» Task requirements:
Your answer should be the lines below from the one holding "r) * diff_op2" through the one holding "unfolding p by", copied exactly and with nothing else.

Start of Provided records

lemma quadratic_zero_free_below_shift:
  assumes zf: "quadratic_zero_free_below a b c" and w: "Im w < 0"
  shows "quadratic_zero_free_below (a + w * b) (b + 2 * w * c) c"
  unfolding quadratic_zero_free_below_def
proof (intro allI impI notI)
  fix t assume t: "Im t \<le> 0" and zero: "a + w * b + (b + 2 * w * c) * t + c * t\<^sup>2 = 0"
  have "a + b * t + c * t\<^sup>2 \<noteq> 0" and "w \<noteq> 0"
    using zf t w unfolding quadratic_zero_free_below_def by auto
  then have "(b + 2 * c * t) / (a + b * t + c * t\<^sup>2) = - (1 / w)"
    using zero by (simp add: field_simps) algebra
  moreover have "Im (- (1 / w)) < 0"
    using w Im_one_div_pos_iff[of w] by simp
  ultimately show False
    using quadratic_zero_free_below_logderiv_Im_nonneg[OF zf t] by simp
qed

definition diff_op2 :: "complex \<Rightarrow> complex \<Rightarrow> complex \<Rightarrow> complex poly \<Rightarrow> complex \<Rightarrow> complex" where
  "diff_op2 a b c p z = a * poly p z + b * poly (pderiv p) z + c * poly (pderiv (pderiv p)) z"

lemma diff_op2_linear_factor:
  assumes "z \<noteq> r"
  defines "w \<equiv> 1 / (z - r)"
  shows "diff_op2 a b c ([:- r, 1:] * s) z = (z - r) * diff_op2 (a + w * b) (b + 2 * w * c) c s z"
proof -
  have linear: "pderiv [:- r, 1:] = 1"
    by (simp add: pderiv_pCons)
  have d1: "pderiv ([:- r, 1:] * s) = s + [:- r, 1:] * pderiv s"
    by (simp only: pderiv_mult linear mult_1_left mult_1_right add.commute)
  have d2: "pderiv (pderiv ([:- r, 1:] * s)) = 2 * pderiv s + [:- r, 1:] * pderiv (pderiv s)"
    unfolding d1 pderiv_add pderiv_mult linear by simp
  have "(z - r) * w = 1"
    using assms by simp
  then show ?thesis
    unfolding diff_op2_def d2 unfolding d1 by (simp add: algebra_simps) algebra
qed

lemma diff_op2_nonzero:
  fixes p :: "complex poly"
  assumes "p \<noteq> 0" "\<And>x. poly p x = 0 \<Longrightarrow> x \<in> \<real>" "0 < Im z" "quadratic_zero_free_below a b c"
  shows "diff_op2 a b c p z \<noteq> 0"
  using assms
proof (induction "degree p" arbitrary: p a b c rule: less_induct)
  case less
  show ?case
  proof (cases "degree p = 0")
    case True
    then obtain k where "p = [:k:]" "k \<noteq> 0"
      using less.prems(1) by (metis degree_eq_zeroE pCons_0_0)
    moreover have "a \<noteq> 0"
      using less.prems(4)[unfolded quadratic_zero_free_below_def, rule_format, of 0] by simp
    ultimately show ?thesis
      by (simp add: diff_op2_def)
  next
    case False
    then obtain r where "poly p r = 0"
      by (metis fundamental_theorem_of_algebra constant_degree)
    then obtain s where p: "p = [:- r, 1:] * s" and r: "r \<in> \<real>"
      using less.prems(2) by (metis dvdE poly_eq_0_iff_dvd)
    have "s \<noteq> 0"
      using less.prems(1) p by auto
    then have "degree s < degree p"
      unfolding p by (subst degree_mult_eq) auto
    moreover have "\<And>x. poly s x = 0 \<Longrightarrow> x \<in> \<real>"
      using less.prems(2) p by auto
    moreover have "z \<noteq> r" and "Im (1 / (z - r)) < 0"
      using r less.prems(3) by (auto simp: Im_one_div_neg_iff complex_is_Real_iff)
    ultimately have "diff_op2 (a + 1 / (z - r) * b) (b + 2 * (1 / (z - r)) * c) c s z \<noteq> 0"
      using less.hyps \<open>s \<noteq> 0\<close> less.prems(3) quadratic_zero_free_below_shift[OF less.prems(4)] by blast
    with \<open>z \<noteq> r\<close> show ?thesis
      unfolding p diff_op2_linear_factor[OF \<open>z \<noteq> r\<close>] by simp
  qed
qed

lemma map_poly_cnj_pderiv: "map_poly cnj (pderiv p) = pderiv (map_poly cnj p)"
  by (rule poly_eqI) (simp add: coeff_map_poly coeff_pderiv)

lemma diff_op2_cnj:
  "diff_op2 a b c p z = cnj (diff_op2 (cnj a) (cnj b) (cnj c) (map_poly cnj p) (cnj z))"
  unfolding diff_op2_def by (simp flip: map_poly_cnj_pderiv)

lemma poly_add_legendre_op: "poly (p + legendre_op p) w = diff_op2 1 (2 * w) (w\<^sup>2 - 1) p w"
proof -
  have "pderiv [:-1, 0, 1:] = [:0, 2 :: complex:]"
    by (simp add: pderiv_pCons)
  then have L: "legendre_op p = [:0, 2:] * pderiv p + [:-1, 0, 1:] * pderiv (pderiv p)"
    unfolding legendre_op_def by (simp only: pderiv_mult add.commute mult.commute)
  show ?thesis
    unfolding diff_op2_def poly_add L by (simp add: algebra_simps power2_eq_square)
qed

lemma quadratic_zero_free_below_legendre_symbol:
  assumes w: "0 < Im w"
  shows "quadratic_zero_free_below 1 (2 * w) (w\<^sup>2 - 1)"
  unfolding quadratic_zero_free_below_def
proof (intro allI impI notI)
  fix t assume t: "Im t \<le> 0" and "1 + 2 * w * t + (w\<^sup>2 - 1) * t\<^sup>2 = 0"
  then have "(1 + (w + 1) * t) * (1 + (w + (- 1)) * t) = 0"
    by algebra
  then obtain e :: complex where e: "e = 1 \<or> e = - 1" and "1 + (w + e) * t = 0"
    unfolding mult_eq_0_iff by blast
  moreover have "w + e \<noteq> 0" and "Im (1 / (w + e)) < 0"
    using w e by (auto simp: Im_one_div_neg_iff complex_eq_iff)
  ultimately have "t = - (1 / (w + e))"
    by (simp add: field_simps) algebra
  with t \<open>Im (1 / (w + e)) < 0\<close> show False
    by simp
qed

lemma legendre_op_real_zeros:
  fixes p :: "complex poly"
  assumes "p \<noteq> 0" and real: "\<And>x. poly p x = 0 \<Longrightarrow> x \<in> \<real>"
    and w: "poly (p + legendre_op p) w = 0"
  shows "w \<in> \<real>"
proof (rule ccontr)
  assume "w \<notin> \<real>"
  then consider "0 < Im w" | "0 < Im (cnj w)"
    by (force simp: complex_is_Real_iff)
  then show False
  proof cases
    case 1
    with diff_op2_nonzero[OF assms(1) real 1 quadratic_zero_free_below_legendre_symbol[OF 1]]
    show False using w unfolding poly_add_legendre_op by simp
  next
    case 2
    have "map_poly cnj p \<noteq> 0"
      using assms(1) by (auto simp: poly_eq_iff coeff_map_poly)
    moreover have "\<And>x. poly (map_poly cnj p) x = 0 \<Longrightarrow> x \<in> \<real>"
      using real by (force simp: complex_is_Real_iff)
    ultimately have "diff_op2 1 (2 * cnj w) ((cnj w)\<^sup>2 - 1) (map_poly cnj p) (cnj w) \<noteq> 0"
      using diff_op2_nonzero 2 quadratic_zero_free_below_legendre_symbol[OF 2] by blast
    moreover have "diff_op2 1 (2 * w) (w\<^sup>2 - 1) p w =
        cnj (diff_op2 1 (2 * cnj w) ((cnj w)\<^sup>2 - 1) (map_poly cnj p) (cnj w))"
      by (subst diff_op2_cnj) simp
    ultimately show False
      using w unfolding poly_add_legendre_op by simp
  qed
qed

End of Provided records

» Solved exercise:
  shows "diff_op2 a b c ([:- r, 1:] * s) z = (z - r) * diff_op2 (a + w * b) (b + 2 * w * c) c s z"
proof -
  have linear: "pderiv [:- r, 1:] = 1"
    by (simp add: pderiv_pCons)
  have d1: "pderiv ([:- r, 1:] * s) = s + [:- r, 1:] * pderiv s"
    by (simp only: pderiv_mult linear mult_1_left mult_1_right add.commute)
  have d2: "pderiv (pderiv ([:- r, 1:] * s)) = 2 * pderiv s + [:- r, 1:] * pderiv (pderiv s)"
    unfolding d1 pderiv_add pderiv_mult linear by simp
  have "(z - r) * w = 1"
    using assms by simp
  then show ?thesis
    unfolding diff_op2_def d2 unfolding d1 by (simp add: algebra_simps) algebra
qed

lemma diff_op2_nonzero:
  fixes p :: "complex poly"
  assumes "p \<noteq> 0" "\<And>x. poly p x = 0 \<Longrightarrow> x \<in> \<real>" "0 < Im z" "quadratic_zero_free_below a b c"
  shows "diff_op2 a b c p z \<noteq> 0"
  using assms
proof (induction "degree p" arbitrary: p a b c rule: less_induct)
  case less
  show ?case
  proof (cases "degree p = 0")
    case True
    then obtain k where "p = [:k:]" "k \<noteq> 0"
      using less.prems(1) by (metis degree_eq_zeroE pCons_0_0)
    moreover have "a \<noteq> 0"
      using less.prems(4)[unfolded quadratic_zero_free_below_def, rule_format, of 0] by simp
    ultimately show ?thesis
      by (simp add: diff_op2_def)
  next
    case False
    then obtain r where "poly p r = 0"
      by (metis fundamental_theorem_of_algebra constant_degree)
    then obtain s where p: "p = [:- r, 1:] * s" and r: "r \<in> \<real>"
      using less.prems(2) by (metis dvdE poly_eq_0_iff_dvd)
    have "s \<noteq> 0"
      using less.prems(1) p by auto
    then have "degree s < degree p"
      unfolding p by (subst degree_mult_eq) auto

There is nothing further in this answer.